His storied life reveals as much about the strong character of the man as it does about the period in which he lived. He was a man of the people in a way that no Australian Prime Minister since him has been able to be. Perhaps it was easier to be yourself in the days before 24-hour news cycles and social media bickering. But Hawke’s antics were no act – he remained much the same well into his final years.
ABC’s Barrie Cassidy recounted a recent story of the late PM on the channel’s news Breakfast show this morning.
“The Australia-America Leadership Dialogue, when it was in Melbourne. We were at the MCG. We took the Americans along to the MCG. There were Congressmen, a whole bunch of senior Americans. [Bob] was kicking a football along the corridor at the back of the corporate boxes.
“On our way out, we’re walking through the car park and they had the buses lined up ready to take everybody back to the Hyatt Hotel. A couple of young guys in a car yelled out ‘Hey Hawkey, you’re a legend!”
The former Prime Minister then proceeded to ask the lads for a lift to the pub. He was well into his eighties at the time.
“So he gets in the car, with all these Americans watching, and drove off with perfect strangers through the car park to the pub,” Mr Cassidy said. “The common touch thing was real. That’s how he operated.”
Somehow, I can’t see Malcolm Turnbull or Kevin Rudd pulling the same stunt.
New Zealand Prime Minister Jacinda Ardern paid tribute to Hawke via Twitter today, saying that she never had a chance to meet him but “it was easy to feel like you knew him. He was such a charismatic figure and one clearly driven by his love of people. Rest in peace, Bob.”

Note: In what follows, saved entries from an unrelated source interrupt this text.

(* Let $T$ be a complete theory in a countable language with monster model $\mathfrak{C}$, $\alpha$ a countable ordinal and $C\subseteq\mathfrak{C}^{\alpha}$ an $\equiv_{L}^{\alpha}$-class. If $p\subseteq L_{\alpha}(\mathfrak{C})$ is a partial $C$-proper type, then for every formula $\varphi\in L_{\alpha}(\mathfrak{C})$, either $p\cup\{\varphi\}$ or $p\cup\{\neg\varphi\}$ is $C$-proper.
   Context: $L_{\alpha}(\mathfrak{C})$ denotes formulas in variables $(v_{i})_{i<\alpha}$ with parameters from $\mathfrak{C}$. The Lascar graph on $\mathfrak{C}^{\alpha}$ joins two distinct tuples lying on a common infinite indiscernible sequence (over $\emptyset$); $\equiv_{L}^{\alpha}$ has as classes its connected components. $\operatorname{Aut}f_{L}(\mathfrak{C})$ is the group generated by automorphisms of $\mathfrak{C}$ fixing pointwise some small elementary substructure. For $\varphi(x,a)$ and an automorphism $\sigma$, $\sigma(\varphi)=\varphi(x,\sigma(a))$. $\varphi$ is $C$-generic if finitely many translates $\sigma(\varphi)$, $\sigma\in\operatorname{Aut}f_{L}(\mathfrak{C})$, have a disjunction satisfied by every element of $C$. A partial type $p$ is $C$-proper if there is a non-$C$-generic formula $\psi$ such that $\varphi\vee\psi$ is $C$-generic for every finite conjunction $\varphi$ of formulas of $p$. *)

theory Defs
  imports Main "HOL-Library.FuncSet" "HOL-Library.Countable_Set" "HOL-Library.Equipollence"
begin

text \<open>Language: function symbols of type 'f with arities fa, relation symbols of
type 'r with arities ra (constants are 0-ary function symbols). Parameters are
elements of the (universe of the) monster model, the type 'm.\<close>

datatype ('f,'m) trm = Var nat | Par 'm | Fn 'f "('f,'m) trm list"
(* Let $K$ be a ramified quadratic extension of $\mathbb{Q}_2$, $d=2m$ with $m$ odd, $m\ge3$, and $f=a_1x_1^d+\dots+a_sx_s^d$ with all $a_i\in\mathcal{O}\setminus\{0\}$. Suppose $f$ has six distinct variables at a common level that can be split into three disjoint pairs, each pair consisting of two variables with the same $\pi$-coefficient. Then $f$ has a nontrivial zero in $K$. In particular, if $f$ has seven variables at the same level, then $f$ has a nontrivial zero in $K$.
   Context: $\mathcal{O}$ is the ring of integers of $K$ and $\pi$ the uniformizer: $\pi=\sqrt{2},\sqrt{-2},\sqrt{10},\sqrt{-10},1+\sqrt{-1},1+\sqrt{-5}$ for $K=\mathbb{Q}_2(\sqrt2),\mathbb{Q}_2(\sqrt{-2}),\mathbb{Q}_2(\sqrt{10}),\mathbb{Q}_2(\sqrt{-10}),\mathbb{Q}_2(\sqrt{-1}),\mathbb{Q}_2(\sqrt{-5})$ respectively. Each unit $u$ has a unique expansion $u=c_0+c_1\pi+c_2\pi^2+\cdots$ with $c_j\in\{0,1\}$, $c_0=1$. Writing $a_i=\pi^r u$ with $u$ a unit, the variable $x_i$ is at level $r\bmod d$ (levels are residues modulo $d$), and its $\pi$-coefficient is $c_1$ of $u$. A nontrivial zero is a point of $K^s$, not all coordinates zero, where $f$ vanishes. *)

theory Defs
  imports Main
begin

typedef z2 = "{x :: nat \<Rightarrow> int. \<forall>n. 0 \<le> x n \<and> x n < 2^n \<and> x (Suc n) mod 2^n = x n}"
  by (rule exI[of _ "\<lambda>_. 0"]) simp

definition z2_of_int :: "int \<Rightarrow> z2" where
  "z2_of_int k = Abs_z2 (\<lambda>n. k mod 2^n)"

definition z2_add :: "z2 \<Rightarrow> z2 \<Rightarrow> z2" where
  "z2_add x y = Abs_z2 (\<lambda>n. (Rep_z2 x n + Rep_z2 y n) mod 2^n)"

definition z2_neg :: "z2 \<Rightarrow> z2" where
  "z2_neg x = Abs_z2 (\<lambda>n. (- Rep_z2 x n) mod 2^n)"

definition z2_mul :: "z2 \<Rightarrow> z2 \<Rightarrow> z2" where
  "z2_mul x y = Abs_z2 (\<lambda>n. (Rep_z2 x n * Rep_z2 y n) mod 2^n)"

text \<open>An element (a,b) stands for a + b*sqrt D. For D in {2,-2,10,-10,-1,-5}
  the ring of integers of Q_2(sqrt D) is exactly Z_2[sqrt D].\<close>

type_synonym oelt = "z2 \<times> z2"

definition o_zero :: oelt where "o_zero = (z2_of_int 0, z2_of_int 0)"
definition o_one :: oelt where "o_one = (z2_of_int 1, z2_of_int 0)"

definition o_add :: "oelt \<Rightarrow> oelt \<Rightarrow> oelt" where
  "o_add x y = (z2_add (fst x) (fst y), z2_add (snd x) (snd y))"

definition o_sub :: "oelt \<Rightarrow> oelt \<Rightarrow> oelt" where
  "o_sub x y = (z2_add (fst x) (z2_neg (fst y)), z2_add (snd x) (z2_neg (snd y)))"

definition o_mul :: "int \<Rightarrow> oelt \<Rightarrow> oelt \<Rightarrow> oelt" where
  "o_mul D x y =
     (z2_add (z2_mul (fst x) (fst y)) (z2_mul (z2_of_int D) (z2_mul (snd x) (snd y))),
      z2_add (z2_mul (fst x) (snd y)) (z2_mul (snd x) (fst y)))"

fun o_pow :: "int \<Rightarrow> oelt \<Rightarrow> nat \<Rightarrow> oelt" where
  "o_pow D x 0 = o_one"
| "o_pow D x (Suc n) = o_mul D (o_pow D x n) x"

definition o_pi :: "int \<Rightarrow> oelt" where
  "o_pi D = (if D \<in> {-1, -5} then (z2_of_int 1, z2_of_int 1) else (z2_of_int 0, z2_of_int 1))"

definition o_unit :: "int \<Rightarrow> oelt \<Rightarrow> bool" where
  "o_unit D u \<longleftrightarrow> (\<exists>v. o_mul D u v = o_one)"

definition o_dvd :: "int \<Rightarrow> oelt \<Rightarrow> oelt \<Rightarrow> bool" where
  "o_dvd D x y \<longleftrightarrow> (\<exists>z. y = o_mul D x z)"

definition o_val :: "int \<Rightarrow> oelt \<Rightarrow> nat" where
  "o_val D a = (THE r. \<exists>u. o_unit D u \<and> a = o_mul D (o_pow D (o_pi D) r) u)"

definition o_upart :: "int \<Rightarrow> oelt \<Rightarrow> oelt" where
  "o_upart D a = (THE u. o_unit D u \<and> a = o_mul D (o_pow D (o_pi D) (o_val D a)) u)"

definition level :: "int \<Rightarrow> nat \<Rightarrow> oelt \<Rightarrow> nat" where
  "level D d a = o_val D a mod d"

fun pi_psum :: "int \<Rightarrow> (nat \<Rightarrow> nat) \<Rightarrow> nat \<Rightarrow> oelt" where
  "pi_psum D c 0 = o_zero"
| "pi_psum D c (Suc n) =
     o_add (pi_psum D c n) (if c n = 1 then o_pow D (o_pi D) n else o_zero)"

text \<open>The coefficient c_1 of the unique expansion u = c_0 + c_1 pi + c_2 pi^2 + ...
  with c_j in {0,1}, c_0 = 1 (expansion = convergence of partial sums pi-adically).\<close>
definition pi_coeff :: "int \<Rightarrow> oelt \<Rightarrow> nat" where
  "pi_coeff D u = (THE c1. \<exists>c :: nat \<Rightarrow> nat. (\<forall>j. c j \<le> 1) \<and> c 0 = 1 \<and> c 1 = c1 \<and>
       (\<forall>n. o_dvd D (o_pow D (o_pi D) n) (o_sub u (pi_psum D c n))))"

definition var_pi_coeff :: "int \<Rightarrow> oelt \<Rightarrow> nat" where
  "var_pi_coeff D a = pi_coeff D (o_upart D a)"

fun diag_form :: "int \<Rightarrow> nat \<Rightarrow> (nat \<Rightarrow> oelt) \<Rightarrow> (nat \<Rightarrow> oelt) \<Rightarrow> nat \<Rightarrow> oelt" where
  "diag_form D d a x 0 = o_zero"
| "diag_form D d a x (Suc i) = o_add (diag_form D d a x i) (o_mul D (a i) (o_pow D (x i) d))"

text \<open>Nontrivial zero; since f is a form and K = O[1/pi], a nontrivial zero in K^s
  exists iff one exists in O^s (clear denominators).\<close>
definition has_nontrivial_zero :: "int \<Rightarrow> nat \<Rightarrow> nat \<Rightarrow> (nat \<Rightarrow> oelt) \<Rightarrow> bool" where
  "has_nontrivial_zero D d s a \<longleftrightarrow>
     (\<exists>x :: nat \<Rightarrow> oelt. (\<exists>i<s. x i \<noteq> o_zero) \<and> diag_form D d a x s = o_zero)"

end

theory Submission
  imports Defs
begin

text \<open>Write the six coefficients as \<open>\<pi> ^ r\<^sub>k u\<^sub>k\<close> with units \<open>u\<^sub>k\<close> and all \<open>r\<^sub>k\<close> congruent
  modulo \<open>d\<close>. Rescaling the variables by powers of \<open>\<pi>\<close> gives all terms a common valuation, so it
  suffices to find a zero of \<open>\<Sum> u\<^sub>k x\<^sub>k ^ d\<close> in which some \<open>x\<^sub>k\<close> is a unit. Units satisfy
  \<open>X ^ 8 \<equiv> 1 (mod 8)\<close>, so modulo 8 the square of a unit is a \<open>d\<close>-th power of a unit (of \<open>X\<close> or
  \<open>X ^ 3\<close>, depending on \<open>m mod 4\<close>). A finite computation modulo 8 in each of the six rings shows
  that for units \<open>u \<equiv> v (mod 2)\<close>, i.e. with equal \<open>\<pi>\<close>-coefficient, some \<open>j \<in> {0, 1}\<close> makes both
  \<open>\<pi>\<^sup>2 + j \<pi>\<^sup>3\<close> and its negative values of \<open>u X\<^sup>2 + v Y\<^sup>2\<close>. Two of the three pairs share
  \<open>j\<close>, so four of the terms sum to \<open>0\<close> modulo 8; since the derivative of \<open>u Y ^ d\<close> is twice a
  unit, Hensel's lemma lifts this to an exact zero. Seven variables at one level contain three
  disjoint pairs with equal \<open>\<pi>\<close>-coefficient, because that coefficient is 0 or 1.\<close>

section \<open>The ring of 2-adic integers\<close>

definition res :: "nat \<Rightarrow> z2 \<Rightarrow> int" where
  "res n x = Rep_z2 x n"

lemma res_bounds: "0 \<le> res n x" "res n x < 2 ^ n"
  using Rep_z2[of x] by (auto simp: res_def)

lemma res_Suc_mod: "res (Suc n) x mod 2 ^ n = res n x"
  using Rep_z2[of x] by (auto simp: res_def)

lemma res_mod_self [simp]: "res n x mod 2 ^ n = res n x"
  using res_bounds[of n x] by simp

lemma res_0 [simp]: "res 0 x = 0"
  using res_bounds[of 0 x] by simp

lemma res_mod: "n \<le> k \<Longrightarrow> res k x mod 2 ^ n = res n x"
proof (induction k rule: dec_induct)
  case (step k)
  have "res (Suc k) x mod 2 ^ n = res (Suc k) x mod 2 ^ k mod 2 ^ n"
    using step.hyps by (simp add: mod_mod_cancel le_imp_power_dvd)
  then show ?case using res_Suc_mod step.IH by simp
qed simp

lemma z2_eq_iff: "x = y \<longleftrightarrow> (\<forall>n. res n x = res n y)"
  by (auto simp: res_def Rep_z2_inject[symmetric])

definition coherent :: "(nat \<Rightarrow> int) \<Rightarrow> bool" where
  "coherent g \<longleftrightarrow> (\<forall>n. g (Suc n) mod 2 ^ n = g n mod 2 ^ n)"

lemma res_Abs_z2_coherent:
  assumes "coherent g"
  shows "res n (Abs_z2 (\<lambda>n. g n mod 2 ^ n)) = g n mod 2 ^ n"
proof -
  have "(\<lambda>n. g n mod 2 ^ n) \<in> {x. \<forall>n. 0 \<le> x n \<and> x n < 2 ^ n \<and> x (Suc n) mod 2 ^ n = x n}"
    using assms by (auto simp: coherent_def mod_mod_cancel)
  then show ?thesis by (simp add: res_def Abs_z2_inverse)
qed

lemma coherent_res: "coherent (\<lambda>n. res n x)"
  by (simp add: coherent_def res_Suc_mod)

lemma coherent_add: "coherent f \<Longrightarrow> coherent g \<Longrightarrow> coherent (\<lambda>n. f n + g n)"
  unfolding coherent_def by (metis mod_add_eq)
(* Let $\mathcal{C}$ be the set of all finite fields $\mathbb{F}_p$ with $p$ prime, viewed as structures in the language $\{0,1,+\}$. For every non-empty finite subset $\mathcal{C}_0\subseteq\mathcal{C}$ there is a positive existential $\{0,1,+\}$-formula $\varphi(x)$ such that for every $\mathbb{F}_p\in\mathcal{C}_0$ and $x\in\mathbb{F}_p$, $\mathbb{F}_p\models\varphi(x)$ iff $x$ is a square in $\mathbb{F}_p$. However, for no infinite subset $\mathcal{C}_1\subseteq \mathcal{C}$ is there a positive existential $\{0,1,+\}$-formula defining "$x$ is a square" simultaneously in all $\mathbb{F}_p\in\mathcal{C}_1$. In particular, there is no positive existential $\{0,1,+\}$-formula $\mu(x,y,w)$ defining the relation $w=xy$ simultaneously in all $\mathbb{F}_p\in\mathcal{C}$. *)

theory Defs
  imports "HOL-Computational_Algebra.Primes"
begin

datatype tm = Var nat | Zero | One | Add tm tm

datatype pefm = TrueF | FalseF | Eq tm tm | Conj pefm pefm | Disj pefm pefm | Ex nat pefm

text \<open>The field F_p is represented with carrier {0..<p} and arithmetic mod p.\<close>
fun tval :: "nat \<Rightarrow> (nat \<Rightarrow> nat) \<Rightarrow> tm \<Rightarrow> nat" where
  "tval p e (Var i) = e i"
| "tval p e Zero = 0"
| "tval p e One = 1 mod p"
| "tval p e (Add s t) = (tval p e s + tval p e t) mod p"

fun sat :: "nat \<Rightarrow> (nat \<Rightarrow> nat) \<Rightarrow> pefm \<Rightarrow> bool" where
  "sat p e TrueF = True"
| "sat p e FalseF = False"
| "sat p e (Eq s t) = (tval p e s = tval p e t)"
| "sat p e (Conj a b) = (sat p e a \<and> sat p e b)"
| "sat p e (Disj a b) = (sat p e a \<or> sat p e b)"
| "sat p e (Ex i a) = (\<exists>v<p. sat p (e(i := v)) a)"

fun tvars :: "tm \<Rightarrow> nat set" where
  "tvars (Var i) = {i}"
| "tvars Zero = {}"
| "tvars One = {}"
| "tvars (Add s t) = tvars s \<union> tvars t"

fun fv :: "pefm \<Rightarrow> nat set" where
  "fv TrueF = {}"
| "fv FalseF = {}"
| "fv (Eq s t) = tvars s \<union> tvars t"
| "fv (Conj a b) = fv a \<union> fv b"
| "fv (Disj a b) = fv a \<union> fv b"
| "fv (Ex i a) = fv a - {i}"

definition defines_in :: "nat \<Rightarrow> nat \<Rightarrow> pefm \<Rightarrow> (nat list \<Rightarrow> bool) \<Rightarrow> bool" where
  "defines_in p k \<phi> R \<longleftrightarrow> fv \<phi> \<subseteq> {0..<k} \<and>
     (\<forall>e. (\<forall>i. e i < p) \<longrightarrow> (sat p e \<phi> \<longleftrightarrow> R (map e [0..<k])))"

definition is_square_mod :: "nat \<Rightarrow> nat \<Rightarrow> bool" where
  "is_square_mod p x \<longleftrightarrow> (\<exists>y<p. (y * y) mod p = x)"

definition square_rel :: "nat \<Rightarrow> nat list \<Rightarrow> bool" where
  "square_rel p xs = is_square_mod p (xs ! 0)"

definition mult_rel :: "nat \<Rightarrow> nat list \<Rightarrow> bool" where
  "mult_rel p xs \<longleftrightarrow> xs ! 2 = (xs ! 0 * xs ! 1) mod p"

end

theory Submission
  imports Defs "HOL-Number_Theory.Cong" "HOL-Library.Infinite_Set"
begin

text \<open>Over \<open>\<int>/p\<close>, solution sets of a positive existential \<open>{0,1,+}\<close>-formula are, up to
  disjunction, closed under affine combinations: a term equation is an affine condition, and
  intersection and projection preserve affine closedness. Distributing disjunctions, a formula
  \<open>\<phi>\<close> therefore defines a union of at most \<open>pieces \<phi>\<close> affine sets, a bound independent of
  \<open>p\<close>. For prime \<open>p\<close> an affine subset of \<open>\<bbbF>\<^sub>p\<close> with two points is all of \<open>\<bbbF>\<^sub>p\<close>, so a proper
  definable subset of \<open>\<bbbF>\<^sub>p\<close> has at most \<open>pieces \<phi>\<close> elements. For \<open>p > 2\<close> the squares form a
  proper subset, but they contain the \<open>K + 1\<close> distinct values \<open>0\<^sup>2, \<dots>, K\<^sup>2\<close> as soon as
  \<open>K\<^sup>2 < p\<close>; hence no single formula defines them for infinitely many \<open>p\<close>. For finitely many
  primes \<open>q\<close>, the guard \<open>q = 0\<close> selects the field \<open>\<bbbF>\<^sub>q\<close>, whose squares are then listed
  explicitly.\<close>

section \<open>Affine combinations modulo \<open>p\<close>\<close>

definition valuation :: "nat \<Rightarrow> (nat \<Rightarrow> nat) \<Rightarrow> bool" where
  "valuation p e \<longleftrightarrow> (\<forall>i. e i < p)"

text \<open>The affine combination \<open>l a + (1 - l) b\<close> in \<open>\<int>/p\<close>; writing \<open>1 - l\<close> as \<open>p + 1 - l\<close>
  avoids truncated subtraction for \<open>l \<le> p\<close>.\<close>
definition aff_comb :: "nat \<Rightarrow> nat \<Rightarrow> nat \<Rightarrow> nat \<Rightarrow> nat" where
  "aff_comb p l a b = (l * a + (p + 1 - l) * b) mod p"

definition aff_comb_val :: "nat \<Rightarrow> nat \<Rightarrow> (nat \<Rightarrow> nat) \<Rightarrow> (nat \<Rightarrow> nat) \<Rightarrow> nat \<Rightarrow> nat" where
  "aff_comb_val p l e1 e2 = (\<lambda>i. aff_comb p l (e1 i) (e2 i))"

lemma aff_comb_less: "0 < p \<Longrightarrow> aff_comb p l a b < p"
  by (simp add: aff_comb_def)

lemma valuation_aff_comb_val: "0 < p \<Longrightarrow> valuation p (aff_comb_val p l e1 e2)"
  by (simp add: valuation_def aff_comb_val_def aff_comb_less)

lemma mod_lincomb_add:
  "((l * a1 + m * a2) mod p + (l * b1 + m * b2) mod p) mod p
     = (l * ((a1 + b1) mod p) + m * ((a2 + b2) mod p)) mod (p::nat)"
proof -
  have "((l * a1 + m * a2) mod p + (l * b1 + m * b2) mod p) mod p
      = (l * (a1 + b1) + m * (a2 + b2)) mod p"
    by (simp add: mod_add_eq algebra_simps)
  also have "\<dots> = (l * ((a1 + b1) mod p) + m * ((a2 + b2) mod p)) mod p"
    by (intro mod_add_cong) (simp_all add: mod_mult_right_eq)
  finally show ?thesis .
qed

lemma tval_aff_comb_val:
  assumes "l \<le> p"
  shows "tval p (aff_comb_val p l e1 e2) t = aff_comb p l (tval p e1 t) (tval p e2 t)"
proof (induction t)
  case One
  have "l + (p + 1 - l) = p + 1"
    using assms by simp
  then show ?case
    by (simp add: aff_comb_def mod_simps flip: distrib_right)
qed (simp_all add: aff_comb_val_def aff_comb_def mod_lincomb_add)

lemma aff_comb_cong:
  assumes "l \<le> p"
  shows "[int (aff_comb p l a b) = int l * (int a - int b) + int b] (mod int p)"
proof -
  have "int (l * a + (p + 1 - l) * b) = int l * int a + int (p + 1 - l) * int b"
    by simp
  also have "\<dots> = int l * (int a - int b) + int b + int p * int b"
    using assms by (simp add: of_nat_diff algebra_simps)
  finally show ?thesis
    unfolding aff_comb_def cong_def by (simp add: zmod_int)
qed

section \<open>Affine subsets of a prime field\<close>

definition affine_set :: "nat \<Rightarrow> nat set \<Rightarrow> bool" where
  "affine_set p A \<longleftrightarrow> A \<subseteq> {..<p} \<and> (\<forall>a\<in>A. \<forall>b\<in>A. \<forall>l<p. aff_comb p l a b \<in> A)"

lemma inj_on_aff_comb:
  assumes "prime p" "a < p" "b < p" "a \<noteq> b"
  shows "inj_on (\<lambda>l. aff_comb p l a b) {..<p}"
proof (rule inj_onI)
  fix l1 l2 assume l: "l1 \<in> {..<p}" "l2 \<in> {..<p}"
    and eq: "aff_comb p l1 a b = aff_comb p l2 a b"
  have "[int l1 * (int a - int b) + int b = int l2 * (int a - int b) + int b] (mod int p)"
    using aff_comb_cong[of l1 p a b] aff_comb_cong[of l2 p a b] eq l
    by (metis cong_sym cong_trans less_imp_le lessThan_iff)
  then have "[int l1 * (int a - int b) = int l2 * (int a - int b)] (mod int p)"
    by (simp add: cong_add_rcancel)
  moreover have "\<not> int p dvd int a - int b"
    using assms(2-4) dvd_imp_le_int[of "int a - int b" "int p"] by auto
  then have "coprime (int a - int b) (int p)"
    using assms(1) by (simp add: prime_imp_coprime coprime_commute)
  ultimately have "[int l1 = int l2] (mod int p)"
    by (simp add: cong_mult_rcancel)
  then show "l1 = l2"
    using l by (simp add: cong_int_iff cong_less_imp_eq_nat)
qed

lemma affine_set_two_points_eq_UNIV:
  assumes "prime p" "affine_set p A" "a \<in> A" "b \<in> A" "a \<noteq> b"
  shows "A = {..<p}"
proof -
  let ?f = "\<lambda>l. aff_comb p l a b"
  have A: "A \<subseteq> {..<p}" and line: "?f ` {..<p} \<subseteq> A"
    using assms(2-4) by (auto simp: affine_set_def)
  have "inj_on ?f {..<p}"
    using assms A by (intro inj_on_aff_comb) auto
  then have "card (?f ` {..<p}) = p"
    by (simp add: card_image)
  then have "?f ` {..<p} = {..<p}"
    using line A by (intro card_subset_eq) auto
  then show ?thesis
    using line A by auto
qed

lemma card_Union_affine_sets_le:
  assumes "prime p" "\<forall>A\<in>set As. affine_set p A" "\<Union>(set As) \<noteq> {..<p}"
  shows "card (\<Union>(set As)) \<le> length As"
proof -
  have "card A \<le> 1" if "A \<in> set As" for A
  proof (rule ccontr)
    assume "\<not> card A \<le> 1"
    moreover have "finite A"
      using that assms(2) finite_subset by (auto simp: affine_set_def)
    ultimately obtain a b where "a \<in> A" "b \<in> A" "a \<noteq> b"
      by (metis One_nat_def card_le_Suc0_iff_eq)
    then have "A = {..<p}"
      using affine_set_two_points_eq_UNIV assms that by blast
    then show False
      using assms(2,3) that by (auto simp: affine_set_def)
  qed
  then have "card (\<Union>(set As)) \<le> (\<Sum>A\<in>set As. 1)"
    using card_UN_le[of "set As" id] sum_mono[of "set As" card "\<lambda>_. 1"] by simp
  also have "\<dots> \<le> length As"
    by (simp add: card_length)
  finally show ?thesis .
qed

section \<open>Sets defined by positive existential formulas\<close>

definition affine_valset :: "nat \<Rightarrow> (nat \<Rightarrow> nat) set \<Rightarrow> bool" where
  "affine_valset p T \<longleftrightarrow> T \<subseteq> Collect (valuation p) \<and>
     (\<forall>e1\<in>T. \<forall>e2\<in>T. \<forall>l<p. aff_comb_val p l e1 e2 \<in> T)"

definition ex_proj :: "nat \<Rightarrow> nat \<Rightarrow> (nat \<Rightarrow> nat) set \<Rightarrow> (nat \<Rightarrow> nat) set" where
  "ex_proj p i A = {e. valuation p e \<and> (\<exists>v<p. e(i := v) \<in> A)}"

definition affine_map2 :: "nat \<Rightarrow> (nat \<Rightarrow> nat \<Rightarrow> nat \<Rightarrow> nat) \<Rightarrow> bool" where
  "affine_map2 p g \<longleftrightarrow> (\<forall>y<p. \<forall>w<p. valuation p (g y w)) \<and>
     (\<forall>l y1 w1 y2 w2. aff_comb_val p l (g y1 w1) (g y2 w2)
                       = g (aff_comb p l y1 y2) (aff_comb p l w1 w2))"

fun pieces :: "pefm \<Rightarrow> nat" where
  "pieces TrueF = 1"
| "pieces FalseF = 0"
| "pieces (Eq s t) = 1"
| "pieces (Conj a b) = pieces a * pieces b"
| "pieces (Disj a b) = pieces a + pieces b"
| "pieces (Ex i a) = pieces a"

lemma affine_valset_Int: "affine_valset p A \<Longrightarrow> affine_valset p B \<Longrightarrow> affine_valset p (A \<inter> B)"
  by (auto simp: affine_valset_def)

I was fortunate enough to meet Hawke a few years back at Aussie Home Loans founder John Symond’s Christmas Party in Point Piper. The only frame of reference I had to the man was my time as a student in Oxford, where I worked part-time at the famous Turf Tavern pub. It is there, on the back wall of the beer garden, where a large blackboard stands, proclaiming that the former Prime Minister held the Guinness World Record for chugging two-and-a-half pints of ale in 11 seconds flat.
In the sometimes-stuffy academic climate of Oxford, it made me proud to be an Australian abroad. Somehow that plaque said more about a national identity I wished to be a part of than anything else that was happening in Australian politics in 2008. I can see why many felt they knew him, even if they didn’t.
Bob Hawke’s passing will be heavy in the minds of Australian voters this weekend. While it had been decades since he held public office, the countless tributes and outpourings of support have breathed fresh life into the good work he did opening up the Australian economy as ALP leader.
At a time when Australia must decide who will govern the financial future of the nation, Labor has been given an uncannily well-timed, last-minute dose of nostalgia to fill our minds as we head to the polls.